(* Let $\mathcal{A}$ be a unital Banach algebra over $\mathbb{K}=\mathbb{R}$ or $\mathbb{C}$ (a complete normed algebra with $\|AB\|\le\|A\|\,\|B\|$), and let $X,Y\in\mathcal{A}$. Let $(C_k)_{k\ge 2}$ be the homogeneous Lie polynomials of degree $k$ in the symmetric Zassenhaus formula (described in the context), evaluated at $X,Y$ in $\mathcal{A}$ (commutators interpreted as $[A,B]=AB-BA$). Suppose the power series $$ M(\lambda)=\lambda(\|X\|+\|Y\|)+2\sum_{j=2}^{\infty}\lambda^j\|C_j\| $$ has radius of convergence $r_z>0$. For $n\ge 2$ define $$ \Psi_n(\lambda)={\rm e}^{\frac{\lambda}{2}X}\,{\rm e}^{\frac{\lambda}{2}Y}\,{\rm e}^{\lambda^2C_2}\,{\rm e}^{\lambda^3C_3}\cdots{\rm e}^{\lambda^nC_n}\,{\rm e}^{\lambda^nC_n}\cdots{\rm e}^{\lambda^3C_3}\,{\rm e}^{\lambda^2C_2}\,{\rm e}^{\frac{\lambda}{2}Y}\,{\rm e}^{\frac{\lambda}{2}X}. $$ Then $\lim_{n\to\infty}\Psi_n(\lambda)={\rm e}^{\lambda(X+Y)}$ for every $\lambda$ in the ball $B(0,r_z)$, and the convergence is uniform on every compact subset of $B(0,r_z)$.
   Context: The symmetric Zassenhaus formula: for non-commuting indeterminates $X,Y$ there is a unique sequence $(C_k)_{k\ge2}$ of homogeneous Lie polynomials in $X,Y$ with $C_k$ of degree $k$ such that, as formal power series, ${\rm e}^{X+Y}={\rm e}^{X/2}{\rm e}^{Y/2}{\rm e}^{C_2}{\rm e}^{C_3}\cdots{\rm e}^{C_k}\cdots{\rm e}^{C_k}\cdots{\rm e}^{C_3}{\rm e}^{C_2}{\rm e}^{Y/2}{\rm e}^{X/2}$ (indices increasing then decreasing); equivalently, replacing $X,Y$ by $\lambda X,\lambda Y$, one has $C_k(\lambda X,\lambda Y)=\lambda^kC_k(X,Y)$. Here $C_k$ denotes $C_k(X,Y)\in\mathcal{A}$. Exponentials in $\mathcal{A}$ are defined by the usual power series. *)

theory Defs
  imports "HOL-Analysis.Analysis"
begin

text \<open>A series is a function from words to coefficients; in a word, False stands for
  the letter X and True for the letter Y.\<close>

type_synonym ncs = "bool list \<Rightarrow> rat"

definition ncs_X :: ncs where "ncs_X w = (if w = [False] then 1 else 0)"
definition ncs_Y :: ncs where "ncs_Y w = (if w = [True] then 1 else 0)"
definition ncs_one :: ncs where "ncs_one w = (if w = [] then 1 else 0)"
definition ncs_add :: "ncs \<Rightarrow> ncs \<Rightarrow> ncs" where "ncs_add f g w = f w + g w"
definition ncs_scale :: "rat \<Rightarrow> ncs \<Rightarrow> ncs" where "ncs_scale c f w = c * f w"

definition ncs_mult :: "ncs \<Rightarrow> ncs \<Rightarrow> ncs" where
  "ncs_mult f g w = (\<Sum>i\<le>length w. f (take i w) * g (drop i w))"

definition ncs_bracket :: "ncs \<Rightarrow> ncs \<Rightarrow> ncs" where
  "ncs_bracket f g w = ncs_mult f g w - ncs_mult g f w"

primrec ncs_pow :: "ncs \<Rightarrow> nat \<Rightarrow> ncs" where
  "ncs_pow f 0 = ncs_one"
| "ncs_pow f (Suc n) = ncs_mult f (ncs_pow f n)"

text \<open>Exponential series; for series with zero constant term (the only ones used)
  the powers f^n with n > length w do not contribute to the coefficient of w.\<close>
definition ncs_exp :: "ncs \<Rightarrow> ncs" where
  "ncs_exp f w = (\<Sum>n\<le>length w. ncs_pow f n w / fact n)"

definition ncs_prod_list :: "ncs list \<Rightarrow> ncs" where
  "ncs_prod_list fs = foldr ncs_mult fs ncs_one"

inductive_set lie_polys :: "ncs set" where
  lie_X: "ncs_X \<in> lie_polys"
| lie_Y: "ncs_Y \<in> lie_polys"
| lie_add: "p \<in> lie_polys \<Longrightarrow> q \<in> lie_polys \<Longrightarrow> ncs_add p q \<in> lie_polys"
| lie_scale: "p \<in> lie_polys \<Longrightarrow> ncs_scale c p \<in> lie_polys"
| lie_bracket: "p \<in> lie_polys \<Longrightarrow> q \<in> lie_polys \<Longrightarrow> ncs_bracket p q \<in> lie_polys"

definition ncs_homogeneous :: "nat \<Rightarrow> ncs \<Rightarrow> bool" where
  "ncs_homogeneous k p \<longleftrightarrow> (\<forall>w. length w \<noteq> k \<longrightarrow> p w = 0)"

definition ncs_tendsto :: "(nat \<Rightarrow> ncs) \<Rightarrow> ncs \<Rightarrow> bool" where
  "ncs_tendsto P S \<longleftrightarrow> (\<forall>w. \<exists>N. \<forall>n\<ge>N. P n w = S w)"

definition zass_formal_prod :: "(nat \<Rightarrow> ncs) \<Rightarrow> nat \<Rightarrow> ncs" where
  "zass_formal_prod C n =
     ncs_prod_list ([ncs_exp (ncs_scale (1/2) ncs_X), ncs_exp (ncs_scale (1/2) ncs_Y)]
       @ map (\<lambda>k. ncs_exp (C k)) [2..<Suc n]
       @ map (\<lambda>k. ncs_exp (C k)) (rev [2..<Suc n])
       @ [ncs_exp (ncs_scale (1/2) ncs_Y), ncs_exp (ncs_scale (1/2) ncs_X)])"

definition sym_zassenhaus :: "(nat \<Rightarrow> ncs) \<Rightarrow> bool" where
  "sym_zassenhaus C \<longleftrightarrow>
     (\<forall>k\<ge>2. C k \<in> lie_polys \<and> ncs_homogeneous k (C k)) \<and>
     ncs_tendsto (zass_formal_prod C) (ncs_exp (ncs_add ncs_X ncs_Y))"

definition eval_word :: "'a::monoid_mult \<Rightarrow> 'a \<Rightarrow> bool list \<Rightarrow> 'a" where
  "eval_word A B w = prod_list (map (\<lambda>b. if b then B else A) w)"

definition eval_hom :: "nat \<Rightarrow> ncs \<Rightarrow> 'a::real_normed_algebra_1 \<Rightarrow> 'a \<Rightarrow> 'a" where
  "eval_hom k p A B = (\<Sum>w\<in>{w::bool list. length w = k}. real_of_rat (p w) *\<^sub>R eval_word A B w)"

───

What is required: Search the preceding listing for "else" and extract every line where it is found.

Exercise result:
definition ncs_X :: ncs where "ncs_X w = (if w = [False] then 1 else 0)"
definition ncs_Y :: ncs where "ncs_Y w = (if w = [True] then 1 else 0)"
definition ncs_one :: ncs where "ncs_one w = (if w = [] then 1 else 0)"
  "eval_word A B w = prod_list (map (\<lambda>b. if b then B else A) w)"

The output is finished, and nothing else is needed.